lemma is_matching_foldl_sd_step:
  assumes "is_matching A S P ptype acc cap M" "distinct zs" "set zs \<subseteq> A" "set zs \<inter> Domain M = {}"
  shows "is_matching A S P ptype acc cap (foldl (sd_step ptype acc apref cap) M zs)"
  using assms
proof (induction zs arbitrary: M)
  case Nil
  then show ?case by simp
next
  case (Cons z zs)
  have "set zs \<inter> insert z (Domain M) = {}" using Cons.prems by simp
  then have "set zs \<inter> Domain (sd_step ptype acc apref cap M z) = {}"
    using Domain_sd_step[of ptype acc apref cap M z] by (metis Int_mono order_refl subset_empty)
  then show ?case using Cons is_matching_sd_step[of M z] by simp
qed

lemma is_matching_subset:
  assumes "is_matching A S P ptype acc cap M" "N \<subseteq> M"
  shows "is_matching A S P ptype acc cap N"
proof -
  have "Msub ptype N s p \<subseteq> Msub ptype M s p" for s p
    using assms(2) unfolding Msub_def by auto
  then show ?thesis
    using assms card_mono[OF finite_Msub] unfolding is_matching_def is_assignment_def
    by (meson order_trans subsetD)
qed
text \<open>Right translation of the coset component by \<open>h\<close> maps generating steps of \<open>\<sim>\<close> to
  generating steps: \<open>(i, H g h) \<sim> (j, H g W(i,j) h) = (j, H (g h) W(i,j))\<close> as \<open>G\<close> is abelian.\<close>

lemma sim_step_translate:
  assumes "(a, b) \<in> sim_step G E ep sc W \<mu>" and h: "h \<in> carrier G"
  shows "(map_prod id (\<lambda>C. C #> h) a, map_prod id (\<lambda>C. C #> h) b) \<in> sim_step G E ep sc W \<mu>"
proof -
  let ?H = "Hsub G E ep W \<mu>"
  from assms(1) obtain x g where a: "a = (x, ?H #> g)" and b: "b = (sc x, ?H #> (g \<otimes> W x))"
    and x: "x \<in> half_edges E" "ep x = \<mu>" and g: "g \<in> carrier G"
    unfolding sim_step_def by blast
  have Wx: "W x \<in> carrier G" using W_closed x by auto
  have "?H #> g #> h = ?H #> (g \<otimes> h)"
    using Hsub_subset g h by (simp add: coset_mult_assoc)
  moreover have "?H #> (g \<otimes> W x) #> h = ?H #> ((g \<otimes> h) \<otimes> W x)"
    using Hsub_subset g h Wx by (simp add: coset_mult_assoc m_ac)
  ultimately show ?thesis
    unfolding a b sim_step_def using x g h by (intro CollectI exI[of _ x] exI[of _ "g \<otimes> h"]) simp
qed

lemma sim_translate:
  assumes "(a, b) \<in> (sim_step G E ep sc W \<mu> \<union> (sim_step G E ep sc W \<mu>)\<inverse>)\<^sup>*"
    and h: "h \<in> carrier G"
  shows "(map_prod id (\<lambda>C. C #> h) a, map_prod id (\<lambda>C. C #> h) b)
           \<in> (sim_step G E ep sc W \<mu> \<union> (sim_step G E ep sc W \<mu>)\<inverse>)\<^sup>*"
  using assms(1)
proof (induction rule: rtrancl_induct)
  case base
  show ?case by simp
next
  case (step b c)
  then show ?case
    using sim_step_translate[OF _ h] by (blast intro: rtrancl_into_rtrancl)
qed

lemma sim_class_translate:
  assumes eq: "sim_class G E ep sc W \<mu> x g = sim_class G E ep sc W \<mu> x' g'"
    and g: "g \<in> carrier G" and g': "g' \<in> carrier G" and h: "h \<in> carrier G"
  shows "sim_class G E ep sc W \<mu> x (g \<otimes> h) = sim_class G E ep sc W \<mu> x' (g' \<otimes> h)"
proof -
  let ?H = "Hsub G E ep W \<mu>" and ?R = "sim_step G E ep sc W \<mu> \<union> (sim_step G E ep sc W \<mu>)\<inverse>"
  have "(x', ?H #> g') \<in> sim_class G E ep sc W \<mu> x' g'"
    unfolding sim_class_def by simp
  then have "(x', ?H #> g') \<in> sim_class G E ep sc W \<mu> x g"
    by (simp only: eq)
  then have "((x, ?H #> g), (x', ?H #> g')) \<in> ?R\<^sup>*"
    unfolding sim_class_def by (simp only: Image_singleton_iff)
  from sim_translate[OF this h]
  have "((x, ?H #> (g \<otimes> h)), (x', ?H #> (g' \<otimes> h))) \<in> ?R\<^sup>*"
    using Hsub_subset g g' h by (simp add: coset_mult_assoc)
  then show ?thesis
    unfolding sim_class_def by (rule rtrancl_sym_Image_eq[OF sym_Un_converse])
qed

lemma cov_av_sim_class:
  assumes x: "x \<in> half_edges E" and g: "g \<in> carrier G" and h: "h \<in> carrier G"
  shows "cov_av G E ep sc W h (ep x, sim_class G E ep sc W (ep x) x g)
         = (ep x, sim_class G E ep sc W (ep x) x (g \<otimes> h))"
proof -
  let ?P = "\<lambda>r. fst r \<in> half_edges E \<and> ep (fst r) = ep x \<and> snd r \<in> carrier G \<and>
              sim_class G E ep sc W (ep x) (fst r) (snd r) = sim_class G E ep sc W (ep x) x g"
  have "?P (x, g)" using x g by simp
  then have "?P (SOME r. ?P r)" by (rule someI)
  then have "sim_class G E ep sc W (ep x) (fst (SOME r. ?P r)) (snd (SOME r. ?P r) \<otimes> h)
        = sim_class G E ep sc W (ep x) x (g \<otimes> h)"
    using sim_class_translate g h by blast
  then show ?thesis unfolding cov_av_def Let_def by simp
qed

lemma cov_av_one: "v \<in> cov_V G V E ep sc W \<Longrightarrow> cov_av G E ep sc W \<one> v = v"
  by (elim cov_V_cases) (simp add: cov_av_sim_class)

lemma cov_av_mult:
  "v \<in> cov_V G V E ep sc W \<Longrightarrow> g \<in> carrier G \<Longrightarrow> h \<in> carrier G \<Longrightarrow>
   cov_av G E ep sc W (g \<otimes> h) v = cov_av G E ep sc W h (cov_av G E ep sc W g v)"
  by (elim cov_V_cases) (simp add: cov_av_sim_class m_assoc)

lemma cov_av_closed:
  "v \<in> cov_V G V E ep sc W \<Longrightarrow> g \<in> carrier G \<Longrightarrow> cov_av G E ep sc W g v \<in> cov_V G V E ep sc W"
  by (elim cov_V_cases) (simp add: cov_av_sim_class cov_V_intro)

lemma cov_ae_one: "y \<in> cov_E G E \<Longrightarrow> cov_ae G \<one> y = y"
  by (auto simp: cov_E_def cov_ae_def)

lemma cov_ae_mult:
  "y \<in> cov_E G E \<Longrightarrow> g \<in> carrier G \<Longrightarrow> h \<in> carrier G \<Longrightarrow>
   cov_ae G (g \<otimes> h) y = cov_ae G h (cov_ae G g y)"
  by (auto simp: cov_E_def cov_ae_def m_assoc)

lemma cov_ae_closed: "y \<in> cov_E G E \<Longrightarrow> g \<in> carrier G \<Longrightarrow> cov_ae G g y \<in> cov_E G E"
  by (auto simp: cov_E_def cov_ae_def)

lemma cov_ah_one: "y \<in> half_edges (cov_E G E) \<Longrightarrow> cov_ah G \<one> y = y"
  by (auto simp: half_edges_cov_E cov_ah_def cov_ae_def)

lemma cov_ah_mult:
  "y \<in> half_edges (cov_E G E) \<Longrightarrow> g \<in> carrier G \<Longrightarrow> h \<in> carrier G \<Longrightarrow>
   cov_ah G (g \<otimes> h) y = cov_ah G h (cov_ah G g y)"
  by (auto simp: half_edges_cov_E cov_ah_def cov_ae_def m_assoc)

lemma cov_ah_closed:
  "y \<in> half_edges (cov_E G E) \<Longrightarrow> g \<in> carrier G \<Longrightarrow> cov_ah G g y \<in> half_edges (cov_E G E)"
  by (auto simp: half_edges_cov_E cov_ah_def cov_ae_def)

lemma cov_ep_cov_ah:
  assumes "y \<in> half_edges (cov_E G E)" and h: "h \<in> carrier G"
  shows "cov_ep G E ep sc W (cov_ah G h y) = cov_av G E ep sc W h (cov_ep G E ep sc W y)"
proof -
  obtain i g b where y: "y = ((i, g), b)" by (metis prod.collapse)
  have "(i, b) \<in> half_edges E" "g \<in> carrier G" using assms(1) by (auto simp: y half_edges_cov_E)
  then show ?thesis
    by (simp add: y cov_ep_def cov_ah_def cov_ae_def cov_av_sim_class h)
qed

text \<open>Compatibility with successors: the successor of \<open>i_(g h)\<close> is
  \<open>j_(g h W(i,j)) = j_(g W(i,j) h)\<close>, using commutativity.\<close>

lemma cov_succ_cov_ah:
  assumes "y \<in> half_edges (cov_E G E)" and h: "h \<in> carrier G"
  shows "cov_succ G sc W (cov_ah G h y) = cov_ah G h (cov_succ G sc W y)"
proof -
  obtain i g b where y: "y = ((i, g), b)" by (metis prod.collapse)
  have "(i, b) \<in> half_edges E" and g: "g \<in> carrier G" using assms(1) by (auto simp: y half_edges_cov_E)
  then have "g \<otimes> h \<otimes> W (i, b) = g \<otimes> W (i, b) \<otimes> h" using W_closed h by (simp add: m_ac)
  then show ?thesis by (simp add: y cov_succ_def cov_ah_def cov_ae_def)
qed

lemma cov_ae_free:
  assumes "y \<in> cov_E G E" and h: "h \<in> carrier G" and fixed: "cov_ae G h y = y"
  shows "h = \<one>"
proof -
  have "snd y \<otimes> h = snd y" using fixed by (simp add: cov_ae_def prod_eq_iff)
  moreover have "snd y \<in> carrier G" using assms(1) by (auto simp: cov_E_def)
  ultimately show ?thesis using h l_cancel_one by blast
qed

text \<open>Assembling the above: the canonical action is a free Brauer action on
  \<open>(Delta_W, o_W, m_W)\<close>.  Faithfulness follows from freeness since \<open>Delta\<close> has an edge.\<close>

lemma canonical_free_brauer_action:
  assumes "E \<noteq> {}"
  shows "free_brauer_action G (cov_V G V E ep sc W) (cov_E G E) (cov_ep G E ep sc W)
           (cov_succ G sc W) (cov_mult G E ep mlt W) (cov_av G E ep sc W) (cov_ae G) (cov_ah G)"
proof -
  obtain e where "e \<in> E" using assms by blast
  then have e1: "(e, \<one>) \<in> cov_E G E" by (simp add: cov_E_def)
  have fst_cov_ah: "fst (cov_ah G h y) = cov_ae G h (fst y)" for h y
    by (simp add: cov_ah_def)
  show ?thesis
    unfolding free_brauer_action_def brauer_action_def
    by (intro conjI ballI impI right_action_bij cov_av_one cov_ae_one cov_ah_one
          cov_av_mult cov_ae_mult cov_ah_mult cov_ep_cov_ah cov_succ_cov_ah cov_mult_cov_av
          fst_cov_ah)
       (auto intro: cov_av_closed cov_ae_closed cov_ah_closed cov_ae_free e1)
qed

end
(* Let $\{(a_i,b_i,m_i,n_i):i\in\mathbb{Z}\}$ be a positive ABMN solution and $\phi_i=\frac{n_{i-1}-n_i}{m_i-m_{i-1}}$. Then for every $i\in\mathbb{Z}$: $\frac{m_i-m_{i-1}}{m_{i+1}-m_{i-1}}=\frac{1}{c(\phi_i)}$, $\quad\frac{n_{i-1}-n_i}{n_{i-1}-n_{i+1}}=\frac{1}{d(\phi_i)}$, $\quad s(\phi_i)=\phi_{i+1}$.
   Context: ABMN system on $\mathbb{Z}$: real variables $a_i,b_i\ge0$, $m_i,n_i$ with, for all $i$, $(a_i+b_i)(m_i+a_i)=a_im_{i+1}+b_im_{i-1}$, $(a_i+b_i)(n_i+b_i)=a_in_{i+1}+b_in_{i-1}$, $(a_i+b_i)^2=b_i(m_{i+1}-m_{i-1})$, $(a_i+b_i)^2=a_i(n_{i-1}-n_{i+1})$; positive if all $a_i,b_i>0$ (then $m$ is strictly increasing and $n$ strictly decreasing). For $x>0$ let $\omega=\sqrt{8x+1}$, $c(x)=\frac{(\omega+3)^2}{16}$, $d(x)=\frac{(\omega+3)^2}{8(\omega+1)}$, $s(x)=\frac{(\omega-1)^2}{4(\omega+7)}$. *)

theory Defs
  imports Complex_Main
begin

definition ABMN_solution :: "(int \<Rightarrow> real) \<Rightarrow> (int \<Rightarrow> real) \<Rightarrow> (int \<Rightarrow> real) \<Rightarrow> (int \<Rightarrow> real) \<Rightarrow> bool" where
  "ABMN_solution a b m n \<longleftrightarrow>
     (\<forall>i. a i \<ge> 0 \<and> b i \<ge> 0 \<and>
       (a i + b i) * (m i + a i) = a i * m (i + 1) + b i * m (i - 1) \<and>
       (a i + b i) * (n i + b i) = a i * n (i + 1) + b i * n (i - 1) \<and>
       (a i + b i)^2 = b i * (m (i + 1) - m (i - 1)) \<and>
       (a i + b i)^2 = a i * (n (i - 1) - n (i + 1)))"

definition positive_ABMN_solution :: "(int \<Rightarrow> real) \<Rightarrow> (int \<Rightarrow> real) \<Rightarrow> (int \<Rightarrow> real) \<Rightarrow> (int \<Rightarrow> real) \<Rightarrow> bool" where
  "positive_ABMN_solution a b m n \<longleftrightarrow> ABMN_solution a b m n \<and> (\<forall>i. a i > 0 \<and> b i > 0)"

definition omega_fn :: "real \<Rightarrow> real" where
  "omega_fn x = sqrt (8 * x + 1)"

definition c_fn :: "real \<Rightarrow> real" where
  "c_fn x = (omega_fn x + 3)^2 / 16"

definition d_fn :: "real \<Rightarrow> real" where
  "d_fn x = (omega_fn x + 3)^2 / (8 * (omega_fn x + 1))"

definition s_fn :: "real \<Rightarrow> real" where
  "s_fn x = (omega_fn x - 1)^2 / (4 * (omega_fn x + 7))"

end

theory Submission
  imports Defs
begin

text \<open>
  At each site the four ABMN equations determine all neighbouring differences of m and n in
  terms of a i and b i alone. Consequently \<phi> i = t (1 + 2 t) with t = b i / a i, so that
  \<omega>(\<phi> i) = 4 t + 1 is rational in t, and each claimed identity collapses to a rational
  identity in t.
\<close>

lemma three_point_differences:
  fixes p q x0 x1 x2 :: real
  assumes p: "p > 0" and q: "q > 0"
    and mean: "(p + q) * (x1 + p) = p * x2 + q * x0"
    and spread: "(p + q)^2 = q * (x2 - x0)"
  shows "x1 - x0 = p^2 / q" and "x2 - x1 = q + 2 * p"
proof -
  have x2: "x2 = x0 + (p + q)^2 / q" using spread q by (simp add: field_simps)
  have "(p + q) * (x1 - x0) = (p + q) * (p^2 / q)"
    using mean q unfolding x2 by (simp add: field_simps power2_eq_square)
  moreover have "p + q \<noteq> 0" using p q by simp
  ultimately show lower: "x1 - x0 = p^2 / q" by (metis mult_left_cancel)
  show "x2 - x1 = q + 2 * p" using lower q unfolding x2 by (simp add: field_simps power2_eq_square)
qed

lemma omega_fn_param:
  fixes t :: real assumes "t \<ge> 0"
  shows "omega_fn (t * (1 + 2 * t)) = 4 * t + 1"
proof -
  have "8 * (t * (1 + 2 * t)) + 1 = (4 * t + 1)^2" by (simp add: algebra_simps power2_eq_square)
  with assms show ?thesis unfolding omega_fn_def by simp
qed

lemma c_fn_param:
  fixes t :: real assumes "t \<ge> 0"
  shows "c_fn (t * (1 + 2 * t)) = (1 + t)^2"
  using assms unfolding c_fn_def omega_fn_param[OF assms] by (simp add: power2_eq_square algebra_simps)

lemma d_fn_param:
  fixes t :: real assumes "t \<ge> 0"
  shows "d_fn (t * (1 + 2 * t)) = (1 + t)^2 / (1 + 2 * t)"
  using assms unfolding d_fn_def omega_fn_param[OF assms] by (simp add: power2_eq_square field_simps)

lemma s_fn_param:
  fixes t :: real assumes "t \<ge> 0"
  shows "s_fn (t * (1 + 2 * t)) = t^2 / (t + 2)"
  using assms unfolding s_fn_def omega_fn_param[OF assms] by (simp add: power2_eq_square field_simps)

lemma positive_ABMN_differences:
  assumes "positive_ABMN_solution a b m n"
  shows "m i - m (i - 1) = a i^2 / b i" and "m (i + 1) - m i = b i + 2 * a i"
    and "n (i - 1) - n i = a i + 2 * b i" and "n i - n (i + 1) = b i^2 / a i"
proof -
  have pos: "a i > 0" "b i > 0"
    and m_mean: "(a i + b i) * (m i + a i) = a i * m (i + 1) + b i * m (i - 1)"
    and n_mean: "(b i + a i) * (n i + b i) = b i * n (i - 1) + a i * n (i + 1)"
    and m_spread: "(a i + b i)^2 = b i * (m (i + 1) - m (i - 1))"
    and n_spread: "(b i + a i)^2 = a i * (n (i - 1) - n (i + 1))"
    using assms unfolding positive_ABMN_solution_def ABMN_solution_def
    by (auto simp: algebra_simps)
  show "m i - m (i - 1) = a i^2 / b i" and "m (i + 1) - m i = b i + 2 * a i"
    using three_point_differences[OF pos m_mean m_spread] by simp_all
  \<comment> \<open>The n-equations are the m-equations with a, b swapped and the index reversed.\<close>
  show "n (i - 1) - n i = a i + 2 * b i" and "n i - n (i + 1) = b i^2 / a i"
    using three_point_differences[OF pos(2,1) n_mean n_spread] by simp_all
qed

lemma positive_ABMN_ratios:
  assumes sol: "positive_ABMN_solution a b m n" and t_def: "t = b i / a i"
  shows "(m i - m (i - 1)) / (m (i + 1) - m (i - 1)) = 1 / (1 + t)^2"
    and "(n (i - 1) - n i) / (n (i - 1) - n (i + 1)) = (1 + 2 * t) / (1 + t)^2"
    and "(n (i - 1) - n i) / (m i - m (i - 1)) = t * (1 + 2 * t)"
    and "(n i - n (i + 1)) / (m (i + 1) - m i) = t^2 / (t + 2)"
proof -
  have pos: "a i > 0" "b i > 0" using sol by (simp_all add: positive_ABMN_solution_def)
  then have t_pos: "t > 0" by (simp add: t_def)
  note diffs = positive_ABMN_differences[OF sol, of i]
  have b: "b i = t * a i" using pos by (simp add: t_def)
  have ab: "a i + b i = a i * (1 + t)" and a2b: "a i + 2 * b i = a i * (1 + 2 * t)"
    and b2a: "b i + 2 * a i = a i * (t + 2)"
    unfolding b by algebra+
  have m_spread: "m (i + 1) - m (i - 1) = (a i * (1 + t))^2 / b i"
    using diffs(1,2) pos unfolding ab[symmetric] by (simp add: field_simps power2_eq_square)
  have n_spread: "n (i - 1) - n (i + 1) = (a i * (1 + t))^2 / a i"
    using diffs(3,4) pos unfolding ab[symmetric] by (simp add: field_simps power2_eq_square)
  show "(m i - m (i - 1)) / (m (i + 1) - m (i - 1)) = 1 / (1 + t)^2"
    unfolding diffs(1) m_spread using pos t_pos by (simp add: power_mult_distrib)
  show "(n (i - 1) - n i) / (n (i - 1) - n (i + 1)) = (1 + 2 * t) / (1 + t)^2"
    unfolding diffs(3) n_spread a2b using pos t_pos by (simp add: power2_eq_square)
  show "(n (i - 1) - n i) / (m i - m (i - 1)) = t * (1 + 2 * t)"
    unfolding diffs(1,3) b using pos t_pos by (simp add: field_simps power2_eq_square)
  show "(n i - n (i + 1)) / (m (i + 1) - m i) = t^2 / (t + 2)"
    unfolding diffs(2,4) b2a unfolding b using pos t_pos by (simp add: power2_eq_square)
qed

theorem mainTheorem11:
  fixes a b m n :: "int \<Rightarrow> real" and \<phi> :: "int \<Rightarrow> real"
  assumes "positive_ABMN_solution a b m n"
    and "\<And>i. \<phi> i = (n (i - 1) - n i) / (m i - m (i - 1))"
  shows "\<forall>i. (m i - m (i - 1)) / (m (i + 1) - m (i - 1)) = 1 / c_fn (\<phi> i)
            \<and> (n (i - 1) - n i) / (n (i - 1) - n (i + 1)) = 1 / d_fn (\<phi> i)
            \<and> s_fn (\<phi> i) = \<phi> (i + 1)"
proof
  fix i
  define t where "t = b i / a i"
  have t: "t \<ge> 0" using assms(1) by (simp add: t_def positive_ABMN_solution_def ABMN_solution_def)
  note ratios = positive_ABMN_ratios[OF assms(1) t_def]
  have phi: "\<phi> i = t * (1 + 2 * t)" using assms(2)[of i] ratios(3) by simp
  have phi_next: "\<phi> (i + 1) = t^2 / (t + 2)" using assms(2)[of "i + 1"] ratios(4) by simp
  show "(m i - m (i - 1)) / (m (i + 1) - m (i - 1)) = 1 / c_fn (\<phi> i)
            \<and> (n (i - 1) - n i) / (n (i - 1) - n (i + 1)) = 1 / d_fn (\<phi> i)
            \<and> s_fn (\<phi> i) = \<phi> (i + 1)"
    unfolding ratios(1,2) phi phi_next c_fn_param[OF t] d_fn_param[OF t] s_fn_param[OF t]
    by simp
qed

end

> [Task directions] Please filter the entries for the word "obtain" and copy the lines that have it.

> [Response area]
  from assms(1) obtain x g where a: "a = (x, ?H #> g)" and b: "b = (sc x, ?H #> (g \<otimes> W x))"
  obtain i g b where y: "y = ((i, g), b)" by (metis prod.collapse)
  obtain i g b where y: "y = ((i, g), b)" by (metis prod.collapse)
  obtain e where "e \<in> E" using assms by blast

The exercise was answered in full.